Collected data
☆ ☆ ☆ ☆ ☆

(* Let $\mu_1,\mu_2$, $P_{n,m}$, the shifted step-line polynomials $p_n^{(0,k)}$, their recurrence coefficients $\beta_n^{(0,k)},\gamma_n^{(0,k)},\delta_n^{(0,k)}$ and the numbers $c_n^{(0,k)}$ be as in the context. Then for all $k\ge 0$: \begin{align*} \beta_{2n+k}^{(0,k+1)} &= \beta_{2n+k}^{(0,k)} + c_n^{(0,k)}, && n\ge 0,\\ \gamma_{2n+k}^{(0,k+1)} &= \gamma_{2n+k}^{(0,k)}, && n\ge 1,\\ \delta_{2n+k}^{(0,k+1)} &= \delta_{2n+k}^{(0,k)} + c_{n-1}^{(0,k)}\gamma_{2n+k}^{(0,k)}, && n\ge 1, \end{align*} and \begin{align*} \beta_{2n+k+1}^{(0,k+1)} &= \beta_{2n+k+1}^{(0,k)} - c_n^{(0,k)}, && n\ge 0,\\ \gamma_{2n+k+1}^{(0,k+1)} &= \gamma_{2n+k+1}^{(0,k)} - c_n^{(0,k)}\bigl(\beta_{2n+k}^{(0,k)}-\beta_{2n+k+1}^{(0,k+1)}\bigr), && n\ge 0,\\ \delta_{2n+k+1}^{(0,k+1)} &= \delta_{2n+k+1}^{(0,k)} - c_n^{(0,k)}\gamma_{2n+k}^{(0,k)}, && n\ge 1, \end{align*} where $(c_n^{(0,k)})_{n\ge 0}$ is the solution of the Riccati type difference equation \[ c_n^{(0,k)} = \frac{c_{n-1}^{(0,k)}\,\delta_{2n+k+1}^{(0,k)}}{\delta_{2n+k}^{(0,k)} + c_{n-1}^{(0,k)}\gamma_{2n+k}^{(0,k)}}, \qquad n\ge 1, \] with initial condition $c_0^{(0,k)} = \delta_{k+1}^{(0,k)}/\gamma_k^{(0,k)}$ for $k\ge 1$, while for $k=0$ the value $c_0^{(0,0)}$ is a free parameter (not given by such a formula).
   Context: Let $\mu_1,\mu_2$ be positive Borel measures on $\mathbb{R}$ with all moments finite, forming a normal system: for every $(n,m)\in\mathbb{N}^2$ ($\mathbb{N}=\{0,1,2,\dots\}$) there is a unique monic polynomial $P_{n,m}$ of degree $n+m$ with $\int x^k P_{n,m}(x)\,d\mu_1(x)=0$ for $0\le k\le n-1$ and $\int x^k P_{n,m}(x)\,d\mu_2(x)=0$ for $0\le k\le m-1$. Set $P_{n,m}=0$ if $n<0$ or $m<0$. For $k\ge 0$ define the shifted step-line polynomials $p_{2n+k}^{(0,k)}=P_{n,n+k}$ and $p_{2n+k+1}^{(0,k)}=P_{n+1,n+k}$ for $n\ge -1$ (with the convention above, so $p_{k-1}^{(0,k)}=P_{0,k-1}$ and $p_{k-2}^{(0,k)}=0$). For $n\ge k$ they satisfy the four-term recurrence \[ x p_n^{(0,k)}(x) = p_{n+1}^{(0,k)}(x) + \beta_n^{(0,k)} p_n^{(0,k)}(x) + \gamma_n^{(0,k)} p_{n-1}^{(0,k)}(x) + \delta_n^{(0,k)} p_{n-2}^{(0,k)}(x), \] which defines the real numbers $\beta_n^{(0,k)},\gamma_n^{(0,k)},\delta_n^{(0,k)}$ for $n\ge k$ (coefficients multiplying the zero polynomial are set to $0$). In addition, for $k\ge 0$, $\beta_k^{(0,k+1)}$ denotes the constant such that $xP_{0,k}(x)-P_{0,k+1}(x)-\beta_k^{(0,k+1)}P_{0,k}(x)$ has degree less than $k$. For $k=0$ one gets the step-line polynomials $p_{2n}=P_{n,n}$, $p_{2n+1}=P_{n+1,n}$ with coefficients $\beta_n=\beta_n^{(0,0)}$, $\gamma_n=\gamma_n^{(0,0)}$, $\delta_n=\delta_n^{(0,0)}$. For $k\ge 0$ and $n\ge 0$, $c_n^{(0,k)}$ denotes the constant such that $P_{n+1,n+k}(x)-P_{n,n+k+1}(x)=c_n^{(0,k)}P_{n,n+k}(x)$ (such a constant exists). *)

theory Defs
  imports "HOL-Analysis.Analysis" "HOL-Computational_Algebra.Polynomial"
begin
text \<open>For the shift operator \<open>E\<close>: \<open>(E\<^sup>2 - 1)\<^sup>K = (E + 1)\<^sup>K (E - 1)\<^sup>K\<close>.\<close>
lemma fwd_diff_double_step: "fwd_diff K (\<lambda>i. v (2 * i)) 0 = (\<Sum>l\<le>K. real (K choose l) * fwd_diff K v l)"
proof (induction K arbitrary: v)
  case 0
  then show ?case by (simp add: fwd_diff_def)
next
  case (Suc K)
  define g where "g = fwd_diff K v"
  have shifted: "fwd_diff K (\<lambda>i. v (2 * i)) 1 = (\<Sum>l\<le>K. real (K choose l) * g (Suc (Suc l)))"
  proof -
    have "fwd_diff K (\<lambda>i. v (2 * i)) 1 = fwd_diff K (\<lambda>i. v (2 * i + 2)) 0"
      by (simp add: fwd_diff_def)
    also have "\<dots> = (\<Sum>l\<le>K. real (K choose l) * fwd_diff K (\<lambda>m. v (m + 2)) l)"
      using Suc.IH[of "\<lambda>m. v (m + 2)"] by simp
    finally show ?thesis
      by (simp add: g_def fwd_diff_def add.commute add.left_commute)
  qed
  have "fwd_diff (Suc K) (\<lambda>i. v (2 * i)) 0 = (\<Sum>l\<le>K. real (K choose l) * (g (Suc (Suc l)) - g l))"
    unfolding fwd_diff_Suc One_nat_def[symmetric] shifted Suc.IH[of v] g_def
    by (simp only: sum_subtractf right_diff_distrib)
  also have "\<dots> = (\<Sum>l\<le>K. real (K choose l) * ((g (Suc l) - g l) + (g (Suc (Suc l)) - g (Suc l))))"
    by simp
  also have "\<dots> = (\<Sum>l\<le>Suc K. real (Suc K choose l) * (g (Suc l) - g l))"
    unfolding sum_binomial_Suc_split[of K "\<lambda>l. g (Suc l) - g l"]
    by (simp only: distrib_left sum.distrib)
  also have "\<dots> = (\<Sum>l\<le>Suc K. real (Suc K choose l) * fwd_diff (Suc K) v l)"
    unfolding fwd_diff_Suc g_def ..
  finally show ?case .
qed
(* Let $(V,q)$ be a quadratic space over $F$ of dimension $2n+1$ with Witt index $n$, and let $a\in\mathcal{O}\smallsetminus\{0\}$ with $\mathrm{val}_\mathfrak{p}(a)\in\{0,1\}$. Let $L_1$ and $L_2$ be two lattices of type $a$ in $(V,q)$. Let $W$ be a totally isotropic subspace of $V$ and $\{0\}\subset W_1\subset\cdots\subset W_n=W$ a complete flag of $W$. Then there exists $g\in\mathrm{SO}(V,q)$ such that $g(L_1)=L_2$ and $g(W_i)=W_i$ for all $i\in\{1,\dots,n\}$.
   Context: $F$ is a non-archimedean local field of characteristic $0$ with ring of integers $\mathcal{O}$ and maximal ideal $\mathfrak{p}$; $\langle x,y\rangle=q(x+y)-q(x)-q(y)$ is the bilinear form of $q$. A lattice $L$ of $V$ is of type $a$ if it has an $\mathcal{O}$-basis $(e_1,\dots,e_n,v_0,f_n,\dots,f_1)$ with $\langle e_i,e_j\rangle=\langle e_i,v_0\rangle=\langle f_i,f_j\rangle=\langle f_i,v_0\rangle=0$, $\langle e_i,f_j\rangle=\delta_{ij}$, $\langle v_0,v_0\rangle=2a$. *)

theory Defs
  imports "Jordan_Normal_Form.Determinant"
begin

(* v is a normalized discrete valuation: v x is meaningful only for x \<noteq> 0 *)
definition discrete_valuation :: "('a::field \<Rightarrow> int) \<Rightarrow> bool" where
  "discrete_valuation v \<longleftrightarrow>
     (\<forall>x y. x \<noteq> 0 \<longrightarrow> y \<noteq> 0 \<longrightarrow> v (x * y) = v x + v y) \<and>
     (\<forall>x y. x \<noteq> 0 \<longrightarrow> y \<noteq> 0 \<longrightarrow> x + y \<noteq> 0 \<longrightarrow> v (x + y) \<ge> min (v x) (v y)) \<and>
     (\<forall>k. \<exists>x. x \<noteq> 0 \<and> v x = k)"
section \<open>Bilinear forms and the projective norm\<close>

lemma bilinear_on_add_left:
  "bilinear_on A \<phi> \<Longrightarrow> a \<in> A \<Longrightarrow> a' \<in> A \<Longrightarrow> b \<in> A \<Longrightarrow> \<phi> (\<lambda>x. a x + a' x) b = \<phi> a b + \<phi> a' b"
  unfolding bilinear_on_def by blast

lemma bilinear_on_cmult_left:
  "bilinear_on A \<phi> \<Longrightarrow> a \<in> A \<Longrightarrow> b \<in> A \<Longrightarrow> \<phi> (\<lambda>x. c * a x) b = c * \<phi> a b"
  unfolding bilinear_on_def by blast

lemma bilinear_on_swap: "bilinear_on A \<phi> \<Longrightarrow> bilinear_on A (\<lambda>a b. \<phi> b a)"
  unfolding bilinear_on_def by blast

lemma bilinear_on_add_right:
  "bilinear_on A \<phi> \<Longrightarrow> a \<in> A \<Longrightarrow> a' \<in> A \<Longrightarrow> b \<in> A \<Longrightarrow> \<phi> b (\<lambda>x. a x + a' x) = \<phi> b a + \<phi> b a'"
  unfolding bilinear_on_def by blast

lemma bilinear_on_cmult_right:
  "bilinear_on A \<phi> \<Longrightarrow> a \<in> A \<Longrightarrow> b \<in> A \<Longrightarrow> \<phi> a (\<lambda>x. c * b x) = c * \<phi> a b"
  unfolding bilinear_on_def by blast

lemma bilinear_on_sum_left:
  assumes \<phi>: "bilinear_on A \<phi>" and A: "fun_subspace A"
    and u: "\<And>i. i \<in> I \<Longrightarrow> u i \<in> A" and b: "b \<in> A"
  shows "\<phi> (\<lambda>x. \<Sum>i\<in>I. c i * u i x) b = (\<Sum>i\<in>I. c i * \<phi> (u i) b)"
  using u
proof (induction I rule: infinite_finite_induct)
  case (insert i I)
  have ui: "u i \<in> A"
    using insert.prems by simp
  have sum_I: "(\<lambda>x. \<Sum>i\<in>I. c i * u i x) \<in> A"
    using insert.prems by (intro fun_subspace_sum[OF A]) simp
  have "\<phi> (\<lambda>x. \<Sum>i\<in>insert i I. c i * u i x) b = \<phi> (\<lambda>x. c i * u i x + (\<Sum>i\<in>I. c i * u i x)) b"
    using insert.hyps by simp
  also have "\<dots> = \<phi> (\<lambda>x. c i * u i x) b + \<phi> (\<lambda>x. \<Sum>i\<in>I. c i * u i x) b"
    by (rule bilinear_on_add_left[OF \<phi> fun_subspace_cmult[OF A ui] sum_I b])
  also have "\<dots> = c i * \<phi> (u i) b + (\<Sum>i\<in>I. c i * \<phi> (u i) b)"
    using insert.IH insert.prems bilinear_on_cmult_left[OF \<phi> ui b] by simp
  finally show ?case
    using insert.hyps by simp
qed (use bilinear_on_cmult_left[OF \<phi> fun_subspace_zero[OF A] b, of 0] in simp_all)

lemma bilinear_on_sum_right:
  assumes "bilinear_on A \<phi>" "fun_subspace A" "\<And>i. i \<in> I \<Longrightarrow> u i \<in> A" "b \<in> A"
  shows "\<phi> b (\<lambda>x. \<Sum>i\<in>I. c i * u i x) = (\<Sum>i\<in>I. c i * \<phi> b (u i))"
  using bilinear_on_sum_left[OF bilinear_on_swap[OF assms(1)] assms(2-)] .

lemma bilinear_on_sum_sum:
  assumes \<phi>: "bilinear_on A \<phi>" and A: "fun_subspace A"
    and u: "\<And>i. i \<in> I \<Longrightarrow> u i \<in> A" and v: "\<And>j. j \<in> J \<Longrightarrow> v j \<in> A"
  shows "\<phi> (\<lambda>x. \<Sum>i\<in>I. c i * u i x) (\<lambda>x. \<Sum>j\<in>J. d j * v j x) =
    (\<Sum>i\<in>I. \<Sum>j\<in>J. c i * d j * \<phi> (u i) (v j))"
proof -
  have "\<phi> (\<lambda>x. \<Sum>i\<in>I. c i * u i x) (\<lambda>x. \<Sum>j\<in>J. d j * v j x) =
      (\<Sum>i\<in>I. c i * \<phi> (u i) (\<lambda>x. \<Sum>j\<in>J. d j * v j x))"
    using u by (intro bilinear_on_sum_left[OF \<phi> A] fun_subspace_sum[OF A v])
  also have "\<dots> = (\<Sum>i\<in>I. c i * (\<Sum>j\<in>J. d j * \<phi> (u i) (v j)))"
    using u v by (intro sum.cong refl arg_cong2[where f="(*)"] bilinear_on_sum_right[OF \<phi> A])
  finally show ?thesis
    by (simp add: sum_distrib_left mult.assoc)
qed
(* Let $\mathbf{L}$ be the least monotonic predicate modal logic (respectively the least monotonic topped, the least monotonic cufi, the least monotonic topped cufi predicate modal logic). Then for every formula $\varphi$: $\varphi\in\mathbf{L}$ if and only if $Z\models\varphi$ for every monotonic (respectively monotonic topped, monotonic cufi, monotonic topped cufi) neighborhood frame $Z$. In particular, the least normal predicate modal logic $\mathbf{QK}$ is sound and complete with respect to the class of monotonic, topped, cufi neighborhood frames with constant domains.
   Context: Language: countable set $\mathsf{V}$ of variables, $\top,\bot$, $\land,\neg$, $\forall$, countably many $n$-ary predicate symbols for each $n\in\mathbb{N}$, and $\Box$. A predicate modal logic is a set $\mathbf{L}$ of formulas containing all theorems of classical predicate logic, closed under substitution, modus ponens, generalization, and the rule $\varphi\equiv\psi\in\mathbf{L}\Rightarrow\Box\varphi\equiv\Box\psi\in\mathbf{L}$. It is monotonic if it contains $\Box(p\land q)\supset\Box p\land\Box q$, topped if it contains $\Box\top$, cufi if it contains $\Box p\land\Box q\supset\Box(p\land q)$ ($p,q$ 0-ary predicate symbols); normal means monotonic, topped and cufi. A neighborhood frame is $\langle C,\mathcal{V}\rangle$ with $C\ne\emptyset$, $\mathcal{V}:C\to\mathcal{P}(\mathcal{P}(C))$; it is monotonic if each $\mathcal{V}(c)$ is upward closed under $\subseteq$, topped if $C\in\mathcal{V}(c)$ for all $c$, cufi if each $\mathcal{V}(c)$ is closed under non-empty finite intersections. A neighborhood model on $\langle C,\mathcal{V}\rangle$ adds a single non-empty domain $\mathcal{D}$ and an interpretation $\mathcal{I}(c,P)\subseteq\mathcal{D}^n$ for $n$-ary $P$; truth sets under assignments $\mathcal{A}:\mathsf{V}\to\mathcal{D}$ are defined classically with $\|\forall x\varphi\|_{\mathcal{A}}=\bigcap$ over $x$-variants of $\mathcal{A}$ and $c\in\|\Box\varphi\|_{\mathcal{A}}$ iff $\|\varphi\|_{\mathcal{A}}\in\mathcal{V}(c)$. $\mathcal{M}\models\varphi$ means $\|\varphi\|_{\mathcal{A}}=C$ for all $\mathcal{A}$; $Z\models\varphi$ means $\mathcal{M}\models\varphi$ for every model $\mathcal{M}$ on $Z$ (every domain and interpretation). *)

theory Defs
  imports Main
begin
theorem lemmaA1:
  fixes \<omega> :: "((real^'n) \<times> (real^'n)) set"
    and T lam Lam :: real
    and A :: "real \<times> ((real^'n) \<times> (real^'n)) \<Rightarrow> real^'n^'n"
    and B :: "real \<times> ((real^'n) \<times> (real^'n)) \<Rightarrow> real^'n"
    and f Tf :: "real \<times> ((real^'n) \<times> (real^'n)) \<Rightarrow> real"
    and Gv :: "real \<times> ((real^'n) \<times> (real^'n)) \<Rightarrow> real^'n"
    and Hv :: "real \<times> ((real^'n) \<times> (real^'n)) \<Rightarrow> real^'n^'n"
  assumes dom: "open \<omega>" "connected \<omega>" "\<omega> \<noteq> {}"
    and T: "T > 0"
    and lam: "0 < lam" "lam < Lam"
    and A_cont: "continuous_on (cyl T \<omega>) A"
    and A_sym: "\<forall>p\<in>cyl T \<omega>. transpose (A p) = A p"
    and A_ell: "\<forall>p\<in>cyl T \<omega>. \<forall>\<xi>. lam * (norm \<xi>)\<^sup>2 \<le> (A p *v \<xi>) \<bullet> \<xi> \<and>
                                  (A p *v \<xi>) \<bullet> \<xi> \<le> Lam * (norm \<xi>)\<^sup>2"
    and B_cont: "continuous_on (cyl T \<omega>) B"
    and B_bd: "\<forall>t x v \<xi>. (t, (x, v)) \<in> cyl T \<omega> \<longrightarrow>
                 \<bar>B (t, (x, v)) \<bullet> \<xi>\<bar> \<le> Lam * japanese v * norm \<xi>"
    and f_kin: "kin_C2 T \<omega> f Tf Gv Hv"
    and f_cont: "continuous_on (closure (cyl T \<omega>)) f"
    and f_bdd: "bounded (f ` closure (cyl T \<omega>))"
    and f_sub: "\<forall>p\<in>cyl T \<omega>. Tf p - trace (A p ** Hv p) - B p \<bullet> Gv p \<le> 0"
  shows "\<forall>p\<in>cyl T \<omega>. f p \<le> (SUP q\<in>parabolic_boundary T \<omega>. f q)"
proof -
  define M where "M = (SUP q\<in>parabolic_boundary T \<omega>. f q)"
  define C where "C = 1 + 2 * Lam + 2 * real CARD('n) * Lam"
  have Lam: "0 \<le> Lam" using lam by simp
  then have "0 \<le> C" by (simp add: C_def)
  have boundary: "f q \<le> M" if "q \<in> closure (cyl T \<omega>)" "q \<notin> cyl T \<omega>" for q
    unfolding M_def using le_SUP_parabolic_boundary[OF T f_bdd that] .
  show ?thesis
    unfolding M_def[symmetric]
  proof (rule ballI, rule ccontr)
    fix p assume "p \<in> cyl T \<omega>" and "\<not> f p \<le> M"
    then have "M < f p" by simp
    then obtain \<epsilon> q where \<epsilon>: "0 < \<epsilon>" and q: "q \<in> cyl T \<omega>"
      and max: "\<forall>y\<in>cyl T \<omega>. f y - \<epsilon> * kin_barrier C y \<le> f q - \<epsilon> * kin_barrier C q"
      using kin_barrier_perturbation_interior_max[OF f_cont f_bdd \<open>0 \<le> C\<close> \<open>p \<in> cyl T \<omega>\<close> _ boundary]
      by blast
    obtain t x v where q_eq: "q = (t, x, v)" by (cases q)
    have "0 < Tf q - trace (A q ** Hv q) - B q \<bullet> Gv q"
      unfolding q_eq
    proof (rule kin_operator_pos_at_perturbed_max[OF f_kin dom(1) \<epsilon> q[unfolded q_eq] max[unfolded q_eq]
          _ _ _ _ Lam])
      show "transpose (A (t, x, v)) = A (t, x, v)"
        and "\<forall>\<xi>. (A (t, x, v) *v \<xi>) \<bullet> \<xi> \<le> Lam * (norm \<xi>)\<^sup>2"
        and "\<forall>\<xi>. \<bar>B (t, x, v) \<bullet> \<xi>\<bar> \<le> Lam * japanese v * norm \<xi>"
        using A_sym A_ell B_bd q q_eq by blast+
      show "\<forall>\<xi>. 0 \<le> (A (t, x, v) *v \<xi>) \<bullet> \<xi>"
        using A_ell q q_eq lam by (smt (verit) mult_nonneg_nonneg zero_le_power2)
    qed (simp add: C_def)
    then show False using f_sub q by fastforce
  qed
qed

☆ ☆ ☆ ☆ ☆

PROBLEM TO WORK ON => The word "insert" appears in some of the lines above. Copy those lines.

SOLUTION TO THIS TASK =>
  case (insert i I)
    using insert.prems by simp
    using insert.prems by (intro fun_subspace_sum[OF A]) simp
  have "\<phi> (\<lambda>x. \<Sum>i\<in>insert i I. c i * u i x) b = \<phi> (\<lambda>x. c i * u i x + (\<Sum>i\<in>I. c i * u i x)) b"
    using insert.hyps by simp
    using insert.IH insert.prems bilinear_on_cmult_left[OF \<phi> ui b] by simp
    using insert.hyps by simp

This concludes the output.